INPUT MATERIAL:
(* Assume the root system is indecomposable. Let $u \in W$ be rational with $u \neq w_0$, and let $\alpha \in \Delta$ be a simple root with $u^{-1}(\alpha) > 0$ and $u(\alpha) < 0$. Then $s_\alpha u$ is rational.
   Context: $W$ is the Weyl group of a reduced crystallographic root system $\Pi$ with simple roots $\Delta$, positive roots $\Pi_+$, longest element $w_0$, simple reflections $s_\alpha$. $\gamma>0$ means $\gamma\in\Pi_+$. $\alpha\le\beta$ iff $\beta-\alpha$ is a nonnegative integer combination of simple roots. For $A\subseteq\Pi_+$, $\mathrm{Adj}(A) = \{\alpha\in\Pi_+ : \exists\beta\in A,\ \alpha\le\beta\}$. For $u\in W$: $\nu^0(u) = u(\Pi_+)\cap\Pi_+$, $\nu^k(u) = u(\mathrm{Adj}\,\nu^{k-1}(u))\cap\Pi_+$, eventually constant with value $\nu(u)$; $u$ is rational iff $\nu(u) = \emptyset$. *)

theory Defs
  imports "HOL-Analysis.Analysis"
begin

definition sref :: "'a::euclidean_space \<Rightarrow> 'a \<Rightarrow> 'a" where
  "sref \<alpha> x = x - (2 * (x \<bullet> \<alpha>) / (\<alpha> \<bullet> \<alpha>)) *\<^sub>R \<alpha>"

definition root_system :: "'a::euclidean_space set \<Rightarrow> bool" where
  "root_system R \<longleftrightarrow> finite R \<and> 0 \<notin> R \<and> span R = UNIV
     \<and> (\<forall>\<alpha>\<in>R. sref \<alpha> ` R = R)
     \<and> (\<forall>\<alpha>\<in>R. \<forall>\<beta>\<in>R. 2 * (\<beta> \<bullet> \<alpha>) / (\<alpha> \<bullet> \<alpha>) \<in> \<int>)
     \<and> (\<forall>\<alpha>\<in>R. \<forall>c::real. c *\<^sub>R \<alpha> \<in> R \<longrightarrow> c = 1 \<or> c = -1)"

definition indecomposable :: "'a::euclidean_space set \<Rightarrow> bool" where
  "indecomposable R \<longleftrightarrow>
     \<not> (\<exists>A B. A \<noteq> {} \<and> B \<noteq> {} \<and> A \<union> B = R \<and> A \<inter> B = {}
            \<and> (\<forall>a\<in>A. \<forall>b\<in>B. a \<bullet> b = 0))"

definition nonneg_comb :: "'a::euclidean_space set \<Rightarrow> 'a \<Rightarrow> bool" where
  "nonneg_comb \<Delta> x \<longleftrightarrow> (\<exists>c::'a \<Rightarrow> nat. x = (\<Sum>\<delta>\<in>\<Delta>. real (c \<delta>) *\<^sub>R \<delta>))"

definition is_base :: "'a::euclidean_space set \<Rightarrow> 'a set \<Rightarrow> bool" where
  "is_base R \<Delta> \<longleftrightarrow> \<Delta> \<subseteq> R \<and> independent \<Delta>
     \<and> (\<forall>\<beta>\<in>R. nonneg_comb \<Delta> \<beta> \<or> nonneg_comb \<Delta> (- \<beta>))"

definition pos_roots :: "'a::euclidean_space set \<Rightarrow> 'a set \<Rightarrow> 'a set" where
  "pos_roots R \<Delta> = {\<beta>\<in>R. nonneg_comb \<Delta> \<beta>}"

definition root_le :: "'a::euclidean_space set \<Rightarrow> 'a \<Rightarrow> 'a \<Rightarrow> bool" where
  "root_le \<Delta> \<alpha> \<beta> \<longleftrightarrow> nonneg_comb \<Delta> (\<beta> - \<alpha>)"

inductive_set weyl :: "'a::euclidean_space set \<Rightarrow> ('a \<Rightarrow> 'a) set" for R where
  weyl_id: "id \<in> weyl R"
| weyl_step: "\<alpha> \<in> R \<Longrightarrow> w \<in> weyl R \<Longrightarrow> sref \<alpha> \<circ> w \<in> weyl R"

definition wlen :: "'a::euclidean_space set \<Rightarrow> ('a \<Rightarrow> 'a) \<Rightarrow> nat" where
  "wlen \<Delta> w = (LEAST n. \<exists>ts. length ts = n \<and> set ts \<subseteq> \<Delta>
                         \<and> w = foldr (\<lambda>\<alpha> f. sref \<alpha> \<circ> f) ts id)"

definition longest :: "'a::euclidean_space set \<Rightarrow> 'a set \<Rightarrow> ('a \<Rightarrow> 'a)" where
  "longest R \<Delta> = (THE w. w \<in> weyl R \<and> (\<forall>v\<in>weyl R. wlen \<Delta> v \<le> wlen \<Delta> w))"

definition Adj :: "'a::euclidean_space set \<Rightarrow> 'a set \<Rightarrow> 'a set \<Rightarrow> 'a set" where
  "Adj R \<Delta> A = {\<alpha>\<in>pos_roots R \<Delta>. \<exists>\<beta>\<in>A. root_le \<Delta> \<alpha> \<beta>}"

fun nu_k :: "'a::euclidean_space set \<Rightarrow> 'a set \<Rightarrow> nat \<Rightarrow> ('a \<Rightarrow> 'a) \<Rightarrow> 'a set" where
  "nu_k R \<Delta> 0 u = u ` pos_roots R \<Delta> \<inter> pos_roots R \<Delta>"
| "nu_k R \<Delta> (Suc k) u = u ` Adj R \<Delta> (nu_k R \<Delta> k u) \<inter> pos_roots R \<Delta>"

definition nu :: "'a::euclidean_space set \<Rightarrow> 'a set \<Rightarrow> ('a \<Rightarrow> 'a) \<Rightarrow> 'a set" where
  "nu R \<Delta> u = (THE S. \<exists>N. \<forall>k\<ge>N. nu_k R \<Delta> k u = S)"

definition rational :: "'a::euclidean_space set \<Rightarrow> 'a set \<Rightarrow> ('a \<Rightarrow> 'a) \<Rightarrow> bool" where
  "rational R \<Delta> u \<longleftrightarrow> nu R \<Delta> u = {}"

end

(*
  If s\<^sub>\<alpha> u were not rational, \<nu>(s\<^sub>\<alpha> u) would be a nonempty set S with
  S \<subseteq> s\<^sub>\<alpha> u (Adj S) \<inter> \<Pi>\<^sub>+.  Then T = u (Adj (s\<^sub>\<alpha> S)) \<inter> \<Pi>\<^sub>+ is nonempty and satisfies
  T \<subseteq> u (Adj T) \<inter> \<Pi>\<^sub>+, so T \<subseteq> \<nu>(u), contradicting the rationality of u.

  The inclusion rests on one fact about roots: if \<gamma> \<le> \<delta> are positive roots and \<gamma> \<noteq> \<alpha>, some
  positive root \<gamma> - t\<alpha> (t \<in> \<nat>) lies below s\<^sub>\<alpha> \<delta>; and u (\<gamma> - t\<alpha>) = u \<gamma> + t (- u \<alpha>) \<ge> u \<gamma>.
  That fact says that the lowest \<alpha>-coordinate on the \<alpha>-string through \<gamma> is monotone in \<gamma>;
  it is proved by walking from \<gamma> to \<delta> one simple root at a time, using that \<alpha>-strings are
  unbroken.
*)
theory Submission
  imports Defs
begin

lemma sref_self: "\<alpha> \<noteq> 0 \<Longrightarrow> sref \<alpha> \<alpha> = - \<alpha>"
  unfolding sref_def by (simp add: scaleR_2)

lemma inner_sref_self: "\<alpha> \<noteq> 0 \<Longrightarrow> sref \<alpha> x \<bullet> \<alpha> = - (x \<bullet> \<alpha>)"
  unfolding sref_def by (simp add: algebra_simps inner_diff_left)

lemma sref_sref: "\<alpha> \<noteq> 0 \<Longrightarrow> sref \<alpha> (sref \<alpha> x) = x"
  by (simp add: sref_def[of \<alpha> "sref \<alpha> x"] inner_sref_self) (simp add: sref_def)

lemma linear_sref: "linear (sref \<alpha>)"
  unfolding sref_def
  by (rule linearI) (simp_all add: inner_add_left algebra_simps scaleR_add_left add_divide_distrib
      scaleR_diff_left diff_divide_distrib)

lemma nonneg_comb_add:
  assumes "nonneg_comb \<Delta> x" and "nonneg_comb \<Delta> y"
  shows "nonneg_comb \<Delta> (x + y)"
proof -
  obtain c d :: "'a \<Rightarrow> nat" where "x = (\<Sum>\<delta>\<in>\<Delta>. real (c \<delta>) *\<^sub>R \<delta>)" and "y = (\<Sum>\<delta>\<in>\<Delta>. real (d \<delta>) *\<^sub>R \<delta>)"
    using assms unfolding nonneg_comb_def by blast
  then have "x + y = (\<Sum>\<delta>\<in>\<Delta>. real (c \<delta> + d \<delta>) *\<^sub>R \<delta>)"
    by (simp add: sum.distrib scaleR_add_left)
  then show ?thesis unfolding nonneg_comb_def by (rule exI[where x = "\<lambda>\<delta>. c \<delta> + d \<delta>"])
qed

lemma root_le_trans: "root_le \<Delta> x y \<Longrightarrow> root_le \<Delta> y z \<Longrightarrow> root_le \<Delta> x z"
  unfolding root_le_def using nonneg_comb_add[of \<Delta> "z - y" "y - x"] by simp

lemma Adj_subset_pos_roots: "Adj R \<Delta> A \<subseteq> pos_roots R \<Delta>"
  unfolding Adj_def by auto

lemma Adj_mono: "A \<subseteq> B \<Longrightarrow> Adj R \<Delta> A \<subseteq> Adj R \<Delta> B"
  unfolding Adj_def by auto

lemma nu_k_Suc_subset: "nu_k R \<Delta> (Suc k) u \<subseteq> nu_k R \<Delta> k u"
proof (induction k)
  case 0
  show ?case using Adj_subset_pos_roots[of R \<Delta>] by auto
next
  case (Suc k)
  then have "Adj R \<Delta> (nu_k R \<Delta> (Suc k) u) \<subseteq> Adj R \<Delta> (nu_k R \<Delta> k u)"
    by (rule Adj_mono)
  then show ?case by auto
qed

TASK OBJECTIVE: Your task is to return each line of the data above that contains the string "nonempty".

EXERCISE OUTPUT:
  If s\<^sub>\<alpha> u were not rational, \<nu>(s\<^sub>\<alpha> u) would be a nonempty set S with
  S \<subseteq> s\<^sub>\<alpha> u (Adj S) \<inter> \<Pi>\<^sub>+.  Then T = u (Adj (s\<^sub>\<alpha> S)) \<inter> \<Pi>\<^sub>+ is nonempty and satisfies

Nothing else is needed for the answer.